Public schools shrink as reform starts second year

Public schools shrink as reform starts second year
Photo: Jonas Skovbjerg Fogh/Scanpix
When school resumes on Monday, more and more students will file in to private schools instead of the public system, which is entering the second year of a historic reform programme.
The percentage of Danish students enrolled in the public school system fell from 82 percent in 2008 to 78 percent in the 2014-15 school year, numbers from the Ministry of Education reveal. The number of students now attending private schools, meanwhile, has reached 16 percent. 
Many are seeing the decline in public school enrolment as a sign of frustration over last year’s school reform, described as the most comprehensive education reform in modern Danish history. The biggest changes to the public school system included the implementation of a longer school day, more hours in Danish and maths, and an increased focus on foreign languages. 

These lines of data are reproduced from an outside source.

instance ps :: (finite, field) idom
proof
  fix f g :: "('a, 'b) ps"
  assume "f \<noteq> 0" "g \<noteq> 0"
  then obtain a b where "a \<in> supp f" "b \<in> supp g" by (metis supp_eq_empty_iff ex_in_conv)
  then have "supp f + supp g \<noteq> {}" using set_plus_intro by blast
  then have "vert (supp f + supp g) \<noteq> {}" by (rule vert_nonempty)
  then show "f * g \<noteq> 0"
    using vert_supp_set_plus_subset supp_eq_empty_iff by blast
qed

lemma dominated_add: "dominated f g \<Longrightarrow> dominated f' g \<Longrightarrow> dominated (f + f') g"
  and dominated_diff: "dominated f g \<Longrightarrow> dominated f' g \<Longrightarrow> dominated (f - f') g"
proof -
  have "supp (f + f') \<subseteq> supp f \<union> supp f'" "supp (f - f') \<subseteq> supp f \<union> supp f'"
    by (auto simp: supp_def)
  then show "dominated f g \<Longrightarrow> dominated f' g \<Longrightarrow> dominated (f + f') g"
    and "dominated f g \<Longrightarrow> dominated f' g \<Longrightarrow> dominated (f - f') g"
    unfolding dominated_def by blast+
qed

lemma dominated_uminus: "dominated f g \<Longrightarrow> dominated (- f) g"
  unfolding dominated_def supp_def by simp

lemma dominated_const_mult: "dominated f g \<Longrightarrow> dominated (const_ps c * f) g"
  unfolding dominated_def supp_def by auto

lemma dominated_const_one: "dominated (const_ps c) 1"
  unfolding dominated_def supp_1 by (auto simp: supp_def cf_const_ps intro: emb_in_newton)

lemma dominated_mult:
  assumes "dominated f g" "dominated f' g'" shows "dominated (f * f') (g * g')"
  unfolding dominated_def newton_supp_mult
proof (rule image_subsetI)
  fix v assume "v \<in> supp (f * f')"
  then obtain a b where ab: "a \<in> supp f" "b \<in> supp f'" "v = a + b"
    using supp_mult_subset by (blast elim: set_plus_elim)
  with assms have "emb a \<in> newton (supp g)" "emb b \<in> newton (supp g')"
    unfolding dominated_def by blast+
  then show "emb v \<in> newton (supp g + supp g')"
    unfolding ab(3) emb_add by (rule newton_set_plus)
qed

lemma dominated_prod:
  assumes "finite W" "\<And>w. w \<in> W \<Longrightarrow> dominated (h w) g"
  shows "dominated (\<Prod>w\<in>W. h w) (g ^ card W)"
  using assms by (induction W rule: finite_induct) (simp_all add: dominated_refl dominated_mult)

lemma dominated_if_vert_subset: "vert (supp g) \<subseteq> supp f \<Longrightarrow> dominated g f"
  unfolding dominated_def using newton_mono newton_vert emb_in_newton by blast

lemma emb_scale: "emb (\<lambda>i. n * a i) = real n *\<^sub>R emb a"
  by (simp add: emb_def vec_eq_iff)

lemma scaled_in_newton_power:
  assumes "b \<in> supp g" shows "emb (\<lambda>i. n * b i) \<in> newton (supp (g ^ n))"
proof (induction n)
  case 0
  then show ?case by (simp add: supp_1 emb_in_newton zero_fun_def)
next
  case (Suc n)
  have "emb (\<lambda>i. Suc n * b i) = emb (\<lambda>i. n * b i) + emb b" by (simp add: emb_def vec_eq_iff)
  moreover have "\<dots> \<in> newton (supp (g ^ n) + supp g)"
    by (rule newton_set_plus[OF Suc emb_in_newton[OF assms]])
  ultimately show ?case by (simp only: power_Suc2 newton_supp_mult)
qed

lemma vert_power_scaled_eq:
  assumes v: "(\<lambda>i. n * a i) + y \<in> vert (supp (g ^ Suc n))"
    and a: "a \<in> supp g" and y: "y \<in> supp g" and "n > 0"
  shows "a = y"
proof -
  have "(real n *\<^sub>R emb a + emb y) extreme_point_of newton (supp (g ^ Suc n))"
    using v by (simp add: vert_def emb_add emb_scale)
  moreover have "real (Suc n) *\<^sub>R emb b \<in> newton (supp (g ^ Suc n))" if "b \<in> supp g" for b
    using scaled_in_newton_power[OF that, of "Suc n"] by (simp only: emb_scale)
  ultimately have "emb a = emb y"
    using extreme_point_scaled_sum_eq \<open>n > 0\<close> a y by blast
  then show ?thesis using inj_emb by (auto dest: injD)
qed

lemma cf_prod_at_vertex:
  assumes "finite W" "g \<noteq> 0" "\<And>w. w \<in> W \<Longrightarrow> dominated (h w) g"
    and "v \<in> vert (supp (g ^ card W))"
  shows "\<exists>a\<in>vert (supp g). v = (\<lambda>i. card W * a i) \<and> cf (\<Prod>w\<in>W. h w) v = (\<Prod>w\<in>W. cf (h w) a)"
  using assms(1,3,4)
proof (induction W arbitrary: v rule: finite_induct)
  case empty
  have "v = 0" using empty.prems vert_subset[of "supp 1"] by (auto simp: supp_1)
  moreover obtain a where "a \<in> vert (supp g)"
    using vert_nonempty assms(2) by (metis supp_eq_empty_iff ex_in_conv)
  ultimately show ?case by (auto simp: cf_1 zero_fun_def)
next
  case (insert w W)
  define n where "n = card W"
  have card: "card (insert w W) = Suc n" using insert.hyps by (simp add: n_def)
  have v_vert: "v \<in> vert (supp (g ^ Suc n))" using insert.prems(2) by (simp only: card)
  then have v_split: "v \<in> vert (supp (g ^ n) + supp g)" unfolding power_Suc2 vert_supp_mult .
  then obtain x y where x: "x \<in> vert (supp (g ^ n))" and y: "y \<in> vert (supp g)" and xy: "v = x + y"
    using vert_set_plus_split by blast
  have "\<exists>a\<in>vert (supp g). x = (\<lambda>i. n * a i) \<and> cf (\<Prod>w\<in>W. h w) x = (\<Prod>w\<in>W. cf (h w) a)"
    using insert.IH insert.prems(1) x unfolding n_def by blast
  then obtain a where a: "a \<in> vert (supp g)" "x = (\<lambda>i. n * a i)"
    and cf_x: "cf (\<Prod>w\<in>W. h w) x = (\<Prod>w\<in>W. cf (h w) a)"
    by blast
  have scaled: "x = (\<lambda>i. n * y i) \<and> (\<Prod>w\<in>W. cf (h w) a) = (\<Prod>w\<in>W. cf (h w) y)"
  proof (cases "n = 0")
    case True
    then show ?thesis using a insert.hyps(1) by (simp add: n_def)
  next
    case False
    have "a = y"
      by (rule vert_power_scaled_eq[OF v_vert[unfolded xy a(2)]]) (use a(1) y vert_subset False in auto)
    then show ?thesis using a(2) by simp
  qed
  have "cf (\<Prod>w\<in>insert w W. h w) v = cf ((\<Prod>w\<in>W. h w) * h w) (x + y)"
    using insert.hyps by (simp add: xy mult.commute)
  also have "\<dots> = cf (\<Prod>w\<in>W. h w) x * cf (h w) y"
  proof (rule cf_mult_at_vertex)
    show "emb (x + y) extreme_point_of newton (supp (g ^ n) + supp g)"
      using v_split by (simp add: xy vert_def)
    show "emb x \<in> newton (supp (g ^ n))" "emb y \<in> newton (supp g)"
      using x y vert_subset by (blast intro: emb_in_newton)+
    show "dominated (\<Prod>w\<in>W. h w) (g ^ n)"
      unfolding n_def using insert by (intro dominated_prod) auto
    show "dominated (h w) g" using insert.prems(1) by simp
  qed
  also have "\<dots> = (\<Prod>w\<in>insert w W. cf (h w) y)"
    using insert.hyps cf_x scaled by (simp add: mult.commute)
  finally have "cf (\<Prod>w\<in>insert w W. h w) v = (\<Prod>w\<in>insert w W. cf (h w) y)" .
  moreover have "v = (\<lambda>i. card (insert w W) * y i)" using xy scaled card by (simp add: fun_eq_iff)
  ultimately show ?case using y by blast
qed

section \<open>The ring \<open>K((t))\<degree>\<close>\<close>

type_synonym ('n, 'k) laurent = "(('n, 'k) mps \<times> ('n, 'k) mps) set"

text \<open>\<open>to_fract\<close> identifies the quotient construction of \<open>K((t))\<close> in \<open>laurent_set\<close> with the
  library's fraction field of the series ring, where ring identities are proved.\<close>

definition pair_fract :: "('n::finite, 'k::field) mps \<times> ('n, 'k) mps \<Rightarrow> ('n, 'k) ps fract" where
  "pair_fract p = Fract (PS (fst p)) (PS (snd p))"

definition frac_of :: "('n::finite, 'k::field) ps \<Rightarrow> ('n, 'k) ps \<Rightarrow> ('n, 'k) laurent" where
  "frac_of f g = frac_class (cf f, cf g)"

definition to_fract :: "('n::finite, 'k::field) laurent \<Rightarrow> ('n, 'k) ps fract" where
  "to_fract Q = pair_fract (frac_rep Q)"

lemma frac_rel_iff: "frac_rel p q \<longleftrightarrow> PS (snd p) \<noteq> 0 \<and> PS (snd q) \<noteq> 0 \<and> pair_fract p = pair_fract q"
proof -
  have "ps_mult (fst p) (snd q) = ps_mult (fst q) (snd p) \<longleftrightarrow> PS (fst p) * PS (snd q) = PS (fst q) * PS (snd p)"
    by (simp add: times_ps_def)
  then show ?thesis
    unfolding frac_rel_def pair_fract_def by (auto simp: PS_eq_0_iff eq_fract)
qed

lemma mem_frac_of_iff: "p \<in> frac_of f g \<longleftrightarrow> g \<noteq> 0 \<and> PS (snd p) \<noteq> 0 \<and> pair_fract p = Fract f g"
  by (auto simp: frac_of_def frac_class_def frac_rel_iff pair_fract_def)

lemma frac_of_eq_iff:
  assumes "g \<noteq> 0" "g' \<noteq> 0" shows "frac_of f g = frac_of f' g' \<longleftrightarrow> Fract f g = Fract f' g'"
proof
  assume "frac_of f g = frac_of f' g'"
  moreover have "(cf f, cf g) \<in> frac_of f g" using assms by (simp add: mem_frac_of_iff pair_fract_def)
  ultimately show "Fract f g = Fract f' g'" by (simp add: mem_frac_of_iff pair_fract_def)
qed (use assms in \<open>auto simp: mem_frac_of_iff\<close>)

lemma frac_rep_frac_of:
  assumes "g \<noteq> 0"
  obtains f' g' where "frac_rep (frac_of f g) = (cf f', cf g')" "g' \<noteq> 0" "Fract f' g' = Fract f g"
proof -
  have "(cf f, cf g) \<in> frac_of f g" using assms by (simp add: mem_frac_of_iff pair_fract_def)
  then have "frac_rep (frac_of f g) \<in> frac_of f g" unfolding frac_rep_def by (rule someI)
  then show ?thesis
    using that[of "PS (fst (frac_rep (frac_of f g)))" "PS (snd (frac_rep (frac_of f g)))"]
    by (simp add: mem_frac_of_iff pair_fract_def)
qed

lemma to_fract_frac_of:
  assumes "g \<noteq> 0" shows "to_fract (frac_of f g) = Fract f g"
proof -
  obtain f' g' where "frac_rep (frac_of f g) = (cf f', cf g')" "g' \<noteq> 0" "Fract f' g' = Fract f g"
    by (rule frac_rep_frac_of[OF assms])
  then show ?thesis by (simp add: to_fract_def pair_fract_def)
qed

lemma laurent_set_eq:
  "(laurent_set :: ('n::finite, 'k::field) laurent set) = {frac_of f g | f g. g \<noteq> 0}"
  unfolding laurent_set_def
proof (intro equalityI subsetI)
  fix Q :: "('n, 'k) laurent"
  assume "Q \<in> {frac_class p | p. snd p \<noteq> ps_zero}"
  then obtain p where "Q = frac_class p" "snd p \<noteq> ps_zero" by blast
  then have "Q = frac_of (PS (fst p)) (PS (snd p))" "PS (snd p) \<noteq> 0"
    by (simp_all add: frac_of_def PS_eq_0_iff)
  then show "Q \<in> {frac_of f g | f g. g \<noteq> 0}" by blast
next
  fix Q :: "('n, 'k) laurent"
  assume "Q \<in> {frac_of f g | f g. g \<noteq> 0}"
  then obtain f g where "Q = frac_of f g" "g \<noteq> 0" by blast
  then have "Q = frac_class (cf f, cf g)" "snd (cf f, cf g) \<noteq> ps_zero"
    by (simp_all add: frac_of_def flip: PS_eq_0_iff)
  then show "Q \<in> {frac_class p | p. snd p \<noteq> ps_zero}" by blast
qed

Another element is the concept of ‘inclusion’, which has seen a slight increase in the number of special-needs students who have been brought in to the public schools’ normal classes. The Ministry of Education said in a press release this week that the number of students in special classes has fallen by around 6,800 since the 2010-11 school year. 
For many parents, the reform has been a disappointment and still carries with it the bitter memories of a conflict over teachers’ working hours that resulted in some 67,000 teachers nationwide being locked out from their jobs for three weeks in April 2013. 
When classes resume on Monday, there will be 21 brand-new private schools nationwide, the largest number of new schools in several years. 
The chairman of the Danish Union of Teachers (Danmarks Lærerforening) said the new private schools are a direct result of the school reform. 
“These are schools that are opening in protest,” Anders Bondo Christensen told Politiken. 
Kirsten Von Wildernradt is one of the parents who have opted to send their children to brand-new private schools rather than keeping them in the public system. 
“The framework after the public school reform has become too rigid. It is very stiff in comparison to the opportunities one has in a private school,” she told broadcaster DR. 
Von Wildernradt’s daughter will attend the new Marieskolen in Tønder, where the school’s associate leader said that the conflict surrounding the school reform still lingers. 
“There are a lot of things that take the focus away [in public schools, ed.], including the new school reform and the lockout. It has unfortunately taken the focus away from the things that the public school system can do,” Birgitte Klippert told DR. 
Christensen from the teachers’ union warned that Denmark is quickly approaching the “pain threshold” when it comes to the number of students who are choosing private schools over the public system. 
“If the resourceful residents turn away from the public schools, there is no one left to carry them,” he told Politiken.